WORK INSTRUCTIONS: The required output is the lines below from the line containing "w_gens by blast" to the line containing "by (metis norm_triangle_ineq", inclusive, retyped exactly. No other lines belong in it.

"""

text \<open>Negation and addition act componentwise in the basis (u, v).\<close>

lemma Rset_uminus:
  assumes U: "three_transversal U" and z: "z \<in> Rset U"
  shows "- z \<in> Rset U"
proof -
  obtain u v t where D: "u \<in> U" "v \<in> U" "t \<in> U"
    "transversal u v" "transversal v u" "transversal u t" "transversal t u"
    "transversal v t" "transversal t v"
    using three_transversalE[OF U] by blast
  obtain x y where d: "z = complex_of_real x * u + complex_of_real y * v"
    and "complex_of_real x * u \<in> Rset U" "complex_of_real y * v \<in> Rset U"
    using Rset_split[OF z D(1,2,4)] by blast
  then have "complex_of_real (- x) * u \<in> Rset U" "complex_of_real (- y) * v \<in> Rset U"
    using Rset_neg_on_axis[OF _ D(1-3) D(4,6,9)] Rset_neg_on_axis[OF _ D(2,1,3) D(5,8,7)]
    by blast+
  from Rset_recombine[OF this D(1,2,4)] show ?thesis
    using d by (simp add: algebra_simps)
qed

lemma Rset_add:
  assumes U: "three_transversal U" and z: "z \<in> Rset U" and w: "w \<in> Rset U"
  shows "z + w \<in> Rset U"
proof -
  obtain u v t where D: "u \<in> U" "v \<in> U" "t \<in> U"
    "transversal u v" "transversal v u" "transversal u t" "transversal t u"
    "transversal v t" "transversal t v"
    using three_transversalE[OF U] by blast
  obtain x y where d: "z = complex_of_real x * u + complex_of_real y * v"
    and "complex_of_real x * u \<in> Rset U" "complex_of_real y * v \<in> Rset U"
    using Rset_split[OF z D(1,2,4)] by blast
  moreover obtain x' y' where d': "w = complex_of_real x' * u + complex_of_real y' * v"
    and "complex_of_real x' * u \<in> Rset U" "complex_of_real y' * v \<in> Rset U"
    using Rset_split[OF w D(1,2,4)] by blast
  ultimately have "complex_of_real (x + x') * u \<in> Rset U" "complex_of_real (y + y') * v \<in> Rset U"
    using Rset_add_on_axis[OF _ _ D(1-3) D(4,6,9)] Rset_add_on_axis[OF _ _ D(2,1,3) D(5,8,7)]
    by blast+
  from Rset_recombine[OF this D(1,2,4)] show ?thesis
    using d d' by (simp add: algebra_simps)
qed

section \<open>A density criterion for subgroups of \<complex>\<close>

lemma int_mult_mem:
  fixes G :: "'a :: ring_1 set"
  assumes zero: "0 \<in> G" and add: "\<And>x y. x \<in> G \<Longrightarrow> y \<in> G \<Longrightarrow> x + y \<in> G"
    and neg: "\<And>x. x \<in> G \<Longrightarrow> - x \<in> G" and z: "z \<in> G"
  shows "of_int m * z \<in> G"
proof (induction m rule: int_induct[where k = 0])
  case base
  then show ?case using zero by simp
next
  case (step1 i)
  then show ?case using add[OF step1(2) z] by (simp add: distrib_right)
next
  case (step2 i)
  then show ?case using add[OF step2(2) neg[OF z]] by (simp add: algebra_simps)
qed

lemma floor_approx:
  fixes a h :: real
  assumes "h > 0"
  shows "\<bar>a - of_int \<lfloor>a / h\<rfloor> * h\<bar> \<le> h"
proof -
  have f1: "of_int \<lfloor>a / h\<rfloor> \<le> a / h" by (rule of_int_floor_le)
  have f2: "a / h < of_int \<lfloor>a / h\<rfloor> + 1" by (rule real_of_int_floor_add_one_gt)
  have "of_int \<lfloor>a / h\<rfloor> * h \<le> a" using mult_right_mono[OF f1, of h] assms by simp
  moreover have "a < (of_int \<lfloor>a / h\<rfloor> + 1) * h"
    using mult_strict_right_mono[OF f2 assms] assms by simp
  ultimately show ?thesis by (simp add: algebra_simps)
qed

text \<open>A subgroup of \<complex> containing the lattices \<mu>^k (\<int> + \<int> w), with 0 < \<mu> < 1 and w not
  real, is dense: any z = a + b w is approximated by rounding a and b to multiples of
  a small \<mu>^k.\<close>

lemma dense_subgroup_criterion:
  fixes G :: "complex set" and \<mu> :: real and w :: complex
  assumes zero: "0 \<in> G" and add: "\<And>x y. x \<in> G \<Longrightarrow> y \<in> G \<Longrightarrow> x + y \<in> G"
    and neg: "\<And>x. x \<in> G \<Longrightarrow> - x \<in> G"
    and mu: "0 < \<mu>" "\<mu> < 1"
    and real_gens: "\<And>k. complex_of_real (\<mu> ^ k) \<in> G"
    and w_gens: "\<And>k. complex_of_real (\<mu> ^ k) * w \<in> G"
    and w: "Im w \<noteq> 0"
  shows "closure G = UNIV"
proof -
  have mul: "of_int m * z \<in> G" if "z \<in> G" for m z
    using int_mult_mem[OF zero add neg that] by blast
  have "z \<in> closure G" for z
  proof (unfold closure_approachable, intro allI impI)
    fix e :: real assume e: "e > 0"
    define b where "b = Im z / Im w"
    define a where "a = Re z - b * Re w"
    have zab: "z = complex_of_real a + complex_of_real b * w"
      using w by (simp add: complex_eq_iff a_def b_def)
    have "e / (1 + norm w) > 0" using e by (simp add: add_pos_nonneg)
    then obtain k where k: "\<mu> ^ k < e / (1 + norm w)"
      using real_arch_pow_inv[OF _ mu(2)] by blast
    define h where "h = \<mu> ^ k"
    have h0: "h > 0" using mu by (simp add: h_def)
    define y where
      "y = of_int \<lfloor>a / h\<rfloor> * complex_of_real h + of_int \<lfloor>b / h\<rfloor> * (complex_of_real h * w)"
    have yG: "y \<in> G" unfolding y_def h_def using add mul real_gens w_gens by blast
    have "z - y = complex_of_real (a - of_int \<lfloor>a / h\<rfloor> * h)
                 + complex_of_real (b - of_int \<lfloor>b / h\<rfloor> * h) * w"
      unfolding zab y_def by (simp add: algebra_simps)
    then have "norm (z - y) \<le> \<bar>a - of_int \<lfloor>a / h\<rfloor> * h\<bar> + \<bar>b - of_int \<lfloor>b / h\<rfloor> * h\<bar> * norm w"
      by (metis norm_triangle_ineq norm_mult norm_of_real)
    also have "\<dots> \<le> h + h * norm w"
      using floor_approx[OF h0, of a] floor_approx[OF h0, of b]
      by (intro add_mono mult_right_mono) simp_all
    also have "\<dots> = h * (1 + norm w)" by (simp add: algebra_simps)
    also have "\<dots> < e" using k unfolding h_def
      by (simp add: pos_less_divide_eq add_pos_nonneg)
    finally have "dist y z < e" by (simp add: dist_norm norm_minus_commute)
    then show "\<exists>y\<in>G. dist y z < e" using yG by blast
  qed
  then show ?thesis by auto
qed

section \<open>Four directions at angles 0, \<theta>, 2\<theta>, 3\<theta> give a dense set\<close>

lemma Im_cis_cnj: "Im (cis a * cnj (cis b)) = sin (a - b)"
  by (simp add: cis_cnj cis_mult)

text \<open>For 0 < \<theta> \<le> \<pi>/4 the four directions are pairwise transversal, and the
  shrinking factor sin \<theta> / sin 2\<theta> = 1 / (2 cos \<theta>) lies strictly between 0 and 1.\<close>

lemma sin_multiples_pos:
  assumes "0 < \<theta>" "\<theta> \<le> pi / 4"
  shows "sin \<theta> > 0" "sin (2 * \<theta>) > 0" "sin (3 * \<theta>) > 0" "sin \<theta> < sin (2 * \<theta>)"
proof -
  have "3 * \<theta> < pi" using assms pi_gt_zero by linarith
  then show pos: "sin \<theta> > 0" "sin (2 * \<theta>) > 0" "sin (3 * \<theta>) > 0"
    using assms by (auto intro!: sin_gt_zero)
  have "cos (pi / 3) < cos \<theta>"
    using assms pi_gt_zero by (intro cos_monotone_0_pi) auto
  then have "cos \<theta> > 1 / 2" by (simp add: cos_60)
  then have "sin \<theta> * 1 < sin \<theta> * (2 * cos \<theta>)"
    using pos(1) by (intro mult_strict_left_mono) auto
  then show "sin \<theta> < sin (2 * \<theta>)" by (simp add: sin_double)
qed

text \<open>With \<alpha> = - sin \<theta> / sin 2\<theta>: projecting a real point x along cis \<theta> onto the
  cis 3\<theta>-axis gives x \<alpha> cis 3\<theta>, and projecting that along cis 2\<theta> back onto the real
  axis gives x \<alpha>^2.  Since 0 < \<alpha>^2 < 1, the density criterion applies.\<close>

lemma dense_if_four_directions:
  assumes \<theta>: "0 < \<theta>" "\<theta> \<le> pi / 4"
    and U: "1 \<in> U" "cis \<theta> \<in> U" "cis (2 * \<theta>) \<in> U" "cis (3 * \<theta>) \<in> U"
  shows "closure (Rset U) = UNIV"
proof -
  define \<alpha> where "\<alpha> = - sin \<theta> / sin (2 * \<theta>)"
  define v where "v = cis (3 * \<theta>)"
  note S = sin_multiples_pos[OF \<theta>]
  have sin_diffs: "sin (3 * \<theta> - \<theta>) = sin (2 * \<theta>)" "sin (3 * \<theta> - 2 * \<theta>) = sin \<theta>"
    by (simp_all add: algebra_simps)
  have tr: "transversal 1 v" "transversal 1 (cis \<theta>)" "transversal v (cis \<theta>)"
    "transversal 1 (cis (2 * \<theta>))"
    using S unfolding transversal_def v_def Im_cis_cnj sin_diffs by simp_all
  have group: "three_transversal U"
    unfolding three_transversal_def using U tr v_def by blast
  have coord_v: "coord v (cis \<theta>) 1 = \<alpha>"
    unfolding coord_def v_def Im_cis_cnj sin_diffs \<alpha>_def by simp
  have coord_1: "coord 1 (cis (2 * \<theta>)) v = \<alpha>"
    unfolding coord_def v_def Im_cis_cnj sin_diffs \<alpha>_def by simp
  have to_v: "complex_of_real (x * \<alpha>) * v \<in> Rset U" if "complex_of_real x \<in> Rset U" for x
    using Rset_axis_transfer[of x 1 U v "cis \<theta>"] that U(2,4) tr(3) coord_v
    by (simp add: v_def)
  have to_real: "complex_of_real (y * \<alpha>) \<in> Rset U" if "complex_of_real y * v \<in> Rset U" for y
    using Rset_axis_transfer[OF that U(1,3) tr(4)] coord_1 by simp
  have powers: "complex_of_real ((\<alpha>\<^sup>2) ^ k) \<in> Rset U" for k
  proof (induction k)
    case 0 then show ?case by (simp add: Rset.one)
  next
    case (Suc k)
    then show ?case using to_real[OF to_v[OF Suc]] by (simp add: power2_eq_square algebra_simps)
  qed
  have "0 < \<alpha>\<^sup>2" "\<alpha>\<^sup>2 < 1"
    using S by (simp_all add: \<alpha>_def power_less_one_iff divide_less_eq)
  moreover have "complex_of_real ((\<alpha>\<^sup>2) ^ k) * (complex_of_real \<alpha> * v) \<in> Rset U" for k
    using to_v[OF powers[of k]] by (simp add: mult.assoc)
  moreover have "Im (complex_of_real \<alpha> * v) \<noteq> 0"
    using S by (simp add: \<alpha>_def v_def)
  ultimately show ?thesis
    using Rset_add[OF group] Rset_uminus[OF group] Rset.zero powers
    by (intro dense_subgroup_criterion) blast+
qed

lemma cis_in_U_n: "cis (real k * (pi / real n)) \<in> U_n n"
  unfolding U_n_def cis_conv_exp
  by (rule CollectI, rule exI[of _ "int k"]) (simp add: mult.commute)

"""

THE ANSWER:
    have yG: "y \<in> G" unfolding y_def h_def using add mul real_gens w_gens by blast
    have "z - y = complex_of_real (a - of_int \<lfloor>a / h\<rfloor> * h)
                 + complex_of_real (b - of_int \<lfloor>b / h\<rfloor> * h) * w"
      unfolding zab y_def by (simp add: algebra_simps)
    then have "norm (z - y) \<le> \<bar>a - of_int \<lfloor>a / h\<rfloor> * h\<bar> + \<bar>b - of_int \<lfloor>b / h\<rfloor> * h\<bar> * norm w"
      by (metis norm_triangle_ineq norm_mult norm_of_real)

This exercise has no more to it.